I love having this central location even though git is distributed, mainly because having to go to multiple Git hosts of varying quality would be a pain in the ass.


If you are confused (like me) that this was about PyPI (Python packages repository) then no. It is about a project called PyPy (one can argue it is bad name) that is an implementation of python interpreter but without cpython. Instead they rely on a JIT compiler. And it is syntax compatible but if your code uses any library or method relying on C extensions then you are out of luck (Goodbye NumPy.. etc).

Edit: They have C-layer emulation, but I don't know its limitations or current status, but you can use those libraries [1][2]

[1] https://www.pypy.org/posts/2018/09/inside-cpyext-why-emulati...

[2] https://pythoncapi.readthedocs.io/cpyext.html


They do support numpy. The pypy name predates pypi. You’re off on multiple details here.


PyPy being a Python JIT written in Python with an ouroboros as a logo is pretty much the perfect name.


to be fair, PyPy predates PyPI


Now all we need is a PiPy and we'll have all the pies


PiPi would complete the set but that would be (doubly) irrational…


I think you mean transcendental.


That works too. Perhaps that would be how the pie would taste: truly transcendental, but I don't think it could ever be finished.


How so? PyPI launched in 2003, PyPy's first release was in 2007. https://www.pypa.io/en/latest/history/#before-2013


PyPy was started early in 2003 too, the first release took a while. PyPI was branded as 'The Cheeseshop' in the early years.


Nit. I believe you can use numpy and at least some other libraries relying on native extensions but performance might vary: https://doc.pypy.org/en/latest/faq.html#should-i-install-num...


> one can argue it is bad name

Given the way that pypy is implemented, I think the name is quite clever really.


The packages repo is known as PyPI (like Py P.I.), not PyPi.


As a counterbalance, I'm very familiar with PyPy and have never heard "PyPI".

> one can argue it is bad name

I suppose one can, but it's a python interpreter written in python, so I think it's pretty good.


THANK YOU. This was my first reaction as well.


I've been using git happily for many years. Strangely enough the provenance of a commit i.e. which branch did a commit originally come has not really mattered to me very much. Mercurial provides this and they are using `git notes` to add this provenance meta-data to each commit during migration to git.

I would have thought I'd need this much more, but I have not. In plain git I'll just `git log` and grep for the commit in case I want to make sure a commit is available in a certain branch.


The point is giving branches a meaning (e.g. "implementation of this feature") and being able to at least keep the information that such commit was part of that (well at least that's why I'd want Mercurial's named branches, I'm not sure that's how this project used them)


Wouldn't good merge commit conventions work to preserve as much of this sort of information as desired? All the commits of the branch contained in it with the the merge commit message preserving that info.

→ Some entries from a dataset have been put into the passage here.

lemma finite_nbrs: "finite (nbrs d n p)"
proof (rule finite_subset)
  show "nbrs d n p \<subseteq> (\<lambda>(j, e). p[j := p ! j + e]) ` ({..<d} \<times> {-1, 1})"
  proof
    fix q
    assume "q \<in> nbrs d n p"
    then have "is_edge d n p q"
      by (simp add: nbrs_def)
    then obtain j e where "j < d" "e \<in> {-1, 1}" "q = p[j := p ! j + e]"
      by (rule is_edge_imp_unit_step)
    then show "q \<in> (\<lambda>(j, e). p[j := p ! j + e]) ` ({..<d} \<times> {-1, 1})"
      by force
  qed
qed simp

lemma qb_update_zero:
  assumes x: "x \<in> latD d n" and i: "i < d" "x ! i = 1"
  shows "is_edge d n (x[i := 0]) x" "qb d n (x[i := 0]) = x"
proof -
  let ?b = "x[i := 0]"
  have len: "length x = d"
    using x by (rule length_latD)
  have "is_edge d n x (x[i := x ! i + -1])"
    by (rule is_edge_unit_step[OF x i(1)]) simp
  then show edge: "is_edge d n ?b x"
    using i(2) is_edge_commute by simp
  have "q = x" if q: "is_edge d n ?b q" for q
  proof -
    obtain j e where j: "j < d" "e \<in> {-1, 1}" and q_eq: "q = ?b[j := ?b ! j + e]"
      using q by (rule is_edge_imp_unit_step)
    have "?b \<notin> latD d n"
      using list_update_mem_latD_iff[OF x i(1)] by simp
    then have q_in: "q \<in> latD d n"
      using q by (auto simp: is_edge_def)
    then have "j = i"
      using q_eq i(1) len nth_latD[OF q_in i(1)] by (cases "j = i") auto
    then have "q = x[i := e]"
      using q_eq i(1) len by simp
    moreover have "e = 1"
      using nth_latD[OF q_in i(1)] \<open>q = x[i := e]\<close> i(1) len j(2) by auto
    ultimately show "q = x"
      using i(2) by (metis list_update_id)
  qed
  then show "qb d n ?b = x"
    unfolding qb_def using edge by (intro the_equality)
qed

lemma lower_step_mem_JS:
  assumes x: "x \<in> latD d n" and i: "i < d"
    and out: "x[i := x ! i - 1] \<notin> latD d n" and sum_x: "sum_list x \<le> t + 1"
  shows "x[i := x ! i - 1] \<in> JS d n t"
proof -
  let ?b = "x[i := x ! i - 1]"
  have len: "length x = d"
    using x by (rule length_latD)
  have "x ! i = 1"
    using out nth_latD[OF x i] list_update_mem_latD_iff[OF x i] by simp
  have "Min (set ?b) = 0"
  proof (rule Min_eqI)
    show "0 \<in> set ?b"
      using \<open>x ! i = 1\<close> i len set_update_memI[of i x 0] by simp
    show "0 \<le> y" if "y \<in> set ?b" for y
      using that set_update_subset_insert[of x i] set_latD[OF x] \<open>x ! i = 1\<close> by force
  qed simp
  moreover have "?b \<in> bdry d n"
    using unit_step_mem_latD_Un_bdry[OF x i, of "-1"] out by simp
  moreover have "sum_list ?b \<le> t"
    using sum_x i len by (simp add: sum_list_list_update)
  ultimately show ?thesis
    unfolding JS_def KSminus_def Kminus_def by auto
qed

lemma upper_step_mem_JS:
  assumes x: "x \<in> latD d n" and i: "i < d"
    and out: "x[i := x ! i + 1] \<notin> latD d n" and sum_x: "sum_list x \<le> t"
  shows "x[i := x ! i + 1] \<in> JS d n t"
proof -
  let ?b = "x[i := x ! i + 1]"
  have len: "length x = d"
    using x by (rule length_latD)
  have "x ! i = int n"
    using out nth_latD[OF x i] list_update_mem_latD_iff[OF x i] by simp
  have "Max (set ?b) = int n + 1"
  proof (rule Max_eqI)
    show "int n + 1 \<in> set ?b"
      using \<open>x ! i = int n\<close> i len set_update_memI[of i x "int n + 1"] by simp
    show "y \<le> int n + 1" if "y \<in> set ?b" for y
      using that set_update_subset_insert[of x i] set_latD[OF x] \<open>x ! i = int n\<close> by force
  qed simp
  moreover have "?b \<in> bdry d n"
    using unit_step_mem_latD_Un_bdry[OF x i, of 1] out by simp
  moreover have "sum_list ?b \<le> t + 1"
    using sum_x i len by (simp add: sum_list_list_update)
  ultimately show ?thesis
    unfolding JS_def KSplus_def Kplus_def by auto
qed

lemma nbrs_LS_subset:
  assumes p: "p \<in> LS d n t"
  shows "nbrs d n p \<subseteq> LS d n (t + 1) \<union> JS d n t"
proof
  fix q
  assume "q \<in> nbrs d n p"
  then have "is_edge d n p q"
    by (simp add: nbrs_def)
  then obtain j e where j: "j < d" and e: "e \<in> {-1, 1}" and q: "q = p[j := p ! j + e]"
    by (rule is_edge_imp_unit_step)
  have pD: "p \<in> latD d n" and sum_p: "sum_list p \<le> t"
    using p by (auto simp: LS_def)
  show "q \<in> LS d n (t + 1) \<union> JS d n t"
  proof (cases "q \<in> latD d n")
    case True
    then show ?thesis
      using q j e sum_p length_latD[OF pD] by (auto simp: LS_def sum_list_list_update)
  next
    case False
    then show ?thesis
      using e q lower_step_mem_JS[OF pD j, of t] upper_step_mem_JS[OF pD j _ sum_p] sum_p by auto
  qed
qed

lemma sum_mult_eq_0_single_support:
  fixes w f :: "'a \<Rightarrow> 'b::field"
  assumes "finite N" "x \<in> N" "(\<Sum>q\<in>N. w q * f q) = 0"
    and "\<And>q. q \<in> N - {x} \<Longrightarrow> f q = 0" "w x \<noteq> 0"
  shows "f x = 0"
proof -
  have "(\<Sum>q\<in>N. w q * f q) = w x * f x + (\<Sum>q\<in>N - {x}. w q * f q)"
    using assms(1,2) by (rule sum.remove)
  also have "(\<Sum>q\<in>N - {x}. w q * f q) = 0"
    using assms(4) by simp
  finally show ?thesis
    using assms(3,5) by simp
qed

definition sweep_order :: "int list rel" where
  "sweep_order = measures [\<lambda>x. nat (sum_list x), \<lambda>x. nat (x ! 0)]"

lemma wf_sweep_order: "wf sweep_order"
  by (simp add: sweep_order_def)

lemma sweep_orderI:
  assumes "y \<in> latD d n" "0 < d"
    and "sum_list y < sum_list x \<or> sum_list y = sum_list x \<and> y ! 0 < x ! 0"
  shows "(y, x) \<in> sweep_order"
proof -
  have "0 \<le> sum_list y"
    using set_latD[OF assms(1)] by (fastforce intro: sum_list_nonneg)
  moreover have "1 \<le> y ! 0"
    using nth_latD[OF assms(1,2)] by simp
  ultimately show ?thesis
    using assms(3) by (auto simp: sweep_order_def)
qed

lemma nbr_of_lowered_first_precedes:
  assumes "0 < d" "x \<in> latD d n" "is_edge d n (x[0 := x ! 0 - 1]) q" "q \<noteq> x" "q \<in> latD d n"
  shows "(q, x) \<in> sweep_order"
proof -
  let ?p = "x[0 := x ! 0 - 1]"
  obtain j e where j: "j < d" and e: "e \<in> {-1, 1}" and q: "q = ?p[j := ?p ! j + e]"
    using assms(3) by (rule is_edge_imp_unit_step)
  have len: "length x = d"
    using assms(2) by (rule length_latD)
  have "j \<noteq> 0" if "e = 1"
  proof
    assume "j = 0"
    then have "q = x"
      using q that len assms(1) by simp
    with assms(4) show False ..
  qed
  then have "sum_list q < sum_list x \<or> sum_list q = sum_list x \<and> q ! 0 < x ! 0"
    using e q j len assms(1) by (auto simp: sum_list_list_update nth_list_update)
  then show ?thesis
    by (rule sweep_orderI[OF assms(5,1)])
qed

lemma vanishes_on_lower_face:
  fixes \<gamma> :: "int list \<Rightarrow> int list \<Rightarrow> real" and u :: "int list \<Rightarrow> real"
  assumes gamma_pos: "\<And>p q. is_edge d n p q \<Longrightarrow> \<gamma> p q > 0"
    and dir: "\<And>b. b \<in> JS d n t \<Longrightarrow> u b = 0"
    and neu: "\<And>b. b \<in> JS d n t \<Longrightarrow> \<gamma> b (qb d n b) * (u (qb d n b) - u b) = 0"
    and x: "x \<in> latD d n" and i: "i < d" "x ! i = 1" and sum_x: "sum_list x \<le> t + 1"
  shows "u x = 0"
proof -
  let ?b = "x[i := 0]"
  have "x[i := x ! i - 1] \<notin> latD d n"
    using i(2) list_update_mem_latD_iff[OF x i(1)] by simp
  then have b: "?b \<in> JS d n t"
    using lower_step_mem_JS[OF x i(1) _ sum_x] i(2) by simp
  have edge: "is_edge d n ?b x" and "qb d n ?b = x"
    using qb_update_zero[OF x i] by auto
  then have "\<gamma> ?b x * u x = 0"
    using neu[OF b] dir[OF b] by simp
  then show ?thesis
    using gamma_pos[OF edge] by simp
qed

lemma vanishes_on_LS:
  fixes \<gamma> :: "int list \<Rightarrow> int list \<Rightarrow> real" and u :: "int list \<Rightarrow> real"
  assumes "0 < d"
    and gamma_pos: "\<And>p q. is_edge d n p q \<Longrightarrow> \<gamma> p q > 0"
    and harm: "\<And>p. p \<in> LS d n t \<Longrightarrow> (\<Sum>q\<in>nbrs d n p. \<gamma> p q * (u q - u p)) = 0"
    and dir: "\<And>b. b \<in> JS d n t \<Longrightarrow> u b = 0"
    and neu: "\<And>b. b \<in> JS d n t \<Longrightarrow> \<gamma> b (qb d n b) * (u (qb d n b) - u b) = 0"
  shows "x \<in> LS d n (t + 1) \<Longrightarrow> u x = 0"
  using wf_sweep_order
proof (induction x rule: wf_induct_rule)
  case (less x)
  then have x: "x \<in> latD d n" and sum_x: "sum_list x \<le> t + 1"
    by (auto simp: LS_def)
  have len: "length x = d" and "1 \<le> x ! 0"
    using length_latD[OF x] nth_latD[OF x \<open>0 < d\<close>] by auto
  show "u x = 0"
  proof (cases "x ! 0 = 1")
    case True
    show ?thesis
      by (rule vanishes_on_lower_face[where \<gamma> = \<gamma> and u = u, OF gamma_pos dir neu x \<open>0 < d\<close> True sum_x])
  next
    case False
    let ?p = "x[0 := x ! 0 - 1]"
    have pD: "?p \<in> latD d n"
      using False \<open>1 \<le> x ! 0\<close> nth_latD[OF x \<open>0 < d\<close>] list_update_mem_latD_iff[OF x \<open>0 < d\<close>]
      by simp
    have sum_p: "sum_list ?p = sum_list x - 1"
      using len \<open>0 < d\<close> by (simp add: sum_list_list_update)
    then have p: "?p \<in> LS d n t"
      using pD sum_x by (simp add: LS_def)
    have "is_edge d n x (x[0 := x ! 0 + -1])"
      by (rule is_edge_unit_step[OF x \<open>0 < d\<close>]) simp
    then have edge: "is_edge d n ?p x"
      by (simp add: is_edge_commute)
    have "(?p, x) \<in> sweep_order"
      using sum_p by (intro sweep_orderI[OF pD \<open>0 < d\<close>]) simp
    then have "u ?p = 0"
      using less.IH p by (auto simp: LS_def)
    have others: "u q - u ?p = 0" if "q \<in> nbrs d n ?p - {x}" for q
      using nbrs_LS_subset[OF p] that dir less.IH nbr_of_lowered_first_precedes[OF \<open>0 < d\<close> x]
        \<open>u ?p = 0\<close>
      by (auto simp: nbrs_def LS_def)
    have "u x - u ?p = 0"
      using sum_mult_eq_0_single_support[OF finite_nbrs _ harm[OF p] others] edge gamma_pos[OF edge]
      by (simp add: nbrs_def)
    then show ?thesis
      using \<open>u ?p = 0\<close> by simp
  qed
qed

theorem lemma3p1:
  fixes d n :: nat and t :: int
    and \<gamma> :: "int list \<Rightarrow> int list \<Rightarrow> real"
    and u :: "int list \<Rightarrow> real"
  assumes "d \<ge> 2" and "n \<ge> 1"
    and "int d \<le> t" and "t \<le> int d * int n"
    and gamma_pos: "\<And>p q. is_edge d n p q \<Longrightarrow> \<gamma> p q > 0"
    and gamma_sym: "\<And>p q. is_edge d n p q \<Longrightarrow> \<gamma> p q = \<gamma> q p"
    and harm: "\<And>p. p \<in> LS d n (t - 1) \<Longrightarrow>
                 (\<Sum>q\<in>nbrs d n p. \<gamma> p q * (u q - u p)) = 0"
    and dir: "\<And>b. b \<in> JS d n (t - 1) \<Longrightarrow> u b = 0"
    and neu: "\<And>b. b \<in> JS d n (t - 1) \<Longrightarrow> \<gamma> b (qb d n b) * (u (qb d n b) - u b) = 0"
  shows "\<forall>x \<in> LS d n t \<union> JS d n (t - 1). u x = 0"
proof -
  have "u x = 0" if "x \<in> LS d n t" for x
    using vanishes_on_LS[of d n \<gamma> "t - 1" u x] assms(1) gamma_pos harm dir neu that by simp
  then show ?thesis
    using dir by blast
qed

end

When I want to see inside a piece of software I look for (1) the source code; (2) the git-blame; (3) the code review for significant commits. I have never wanted to see into the history before that point, namely how the developer drafted and polished their idea prior to the final code review approval.

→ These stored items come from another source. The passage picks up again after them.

definition null_null_edges ::
  "('r, 'i, 't, 'f, 'v, 'l) setting \<Rightarrow> ('r, 'l) rinstance \<Rightarrow> ('t sty set \<Rightarrow> nat) \<Rightarrow> ('i, 'l) graph" where
  "null_null_edges E I enc =
     {(null_of enc X, p, null_of enc (successor_types (delta E) X p)) | X p.
        realizable E I X \<and> requires_successor (delta E) X p}"

definition null_type_facts ::
  "('r, 'i, 't, 'f, 'v, 'l) setting \<Rightarrow> ('r, 'l) rinstance \<Rightarrow> ('t sty set \<Rightarrow> nat) \<Rightarrow>
   (('i, 'l) node \<times> 't sty) set" where
  "null_type_facts E I enc = {(null_of enc X, S) | X S. realizable E I X \<and> S \<in> X}"

definition canonical_solution ::
  "('r, 'i, 't, 'f, 'v, 'l) setting \<Rightarrow> ('r, 'l) rinstance \<Rightarrow> ('t sty set \<Rightarrow> nat) \<Rightarrow> ('i, 'l, 't) tgraph" where
  "canonical_solution E I enc =
     (certain_triples E I \<union> constant_null_edges E I enc \<union> null_null_edges E I enc,
      certain_type_facts E I \<union> null_type_facts E I enc)"

lemma certain_triples_iff:
  "(a, p, b) \<in> certain_triples E I \<longleftrightarrow>
     \<not> is_null a \<and> \<not> is_null b \<and> (\<forall>H. is_solution E I H \<longrightarrow> (a, p, b) \<in> fst H)"
  unfolding certain_triples_def by blast

lemma certain_type_facts_iff:
  "(n, S) \<in> certain_type_facts E I \<longleftrightarrow>
     \<not> is_null n \<and> (\<forall>H. is_solution E I H \<longrightarrow> (n, S) \<in> snd H)"
  unfolding certain_type_facts_def by blast

lemma certain_types_subset:
  "is_solution E I H \<Longrightarrow> certain_types E I n \<subseteq> node_types H n"
  unfolding certain_types_def certain_type_facts_iff node_types_def by blast

lemma realizable_successor_types:
  assumes witness: "\<forall>H. is_solution E I H \<longrightarrow> (\<exists>m. X \<subseteq> node_types H m)"
    and req: "requires_successor (delta E) X p"
  shows "realizable E I (successor_types (delta E) X p)"
  unfolding realizable_def
proof (intro allI impI)
  fix H assume H: "is_solution E I H"
  with witness obtain m where "X \<subseteq> node_types H m" by blast
  with H req show "\<exists>m'. successor_types (delta E) X p \<subseteq> node_types H m' \<and>
      (is_literal m' \<longleftrightarrow> LiteralTy \<in> successor_types (delta E) X p)"
    using required_successor_exists[of "delta E" H "preds E" X m p]
    unfolding is_solution_def by blast
qed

What practical use case am I missing out on when these work-in-progress draft commits are lost? I can’t see one.


But 33% of PyPy packages contain the potential for extreme security flaws and you don't know which ones until it gets you. How bad do you have to want to use Python to tolerate that?

"“When we actually examined the behavior and looked for new attack vectors, we discovered that if you download a malicious package — just download it — it will automatically run on your computer,” he told SC Media in an interview from Israel. “So we tried to understand why, because for us the word download doesn’t necessarily mean that the code will automatically run.”

But for PyPi, it does. The commands required for both processes run a script, called pip, executes another file called setup.py, that is designed to provide a data structure for the package manager to understand how to handle the package. That script and process is also composed of Python code that runs automatically, meaning an attacker can insert and execute that malicious code on the device of anyone who downloads it." https://www.scmagazine.com/analysis/a-third-of-pypi-software...


PyPy is a Python implementation, not the same the PyPI (Python Package Index).


my bad .. handicapped by the way I auditize .. point remains the same tho. Need to clean up PyPI or stop the mortals from using PyTHON. In the meantime, maybe put your venv's into a single non-emulated vm.


Why do people like Mercurial branches? Was it revamped? I hate it when I used it.

By all means, I prefer Git branches.


There are benefits to having branches be an inherent property of a commit as opposed to the Git model of a dynamic property of the graph.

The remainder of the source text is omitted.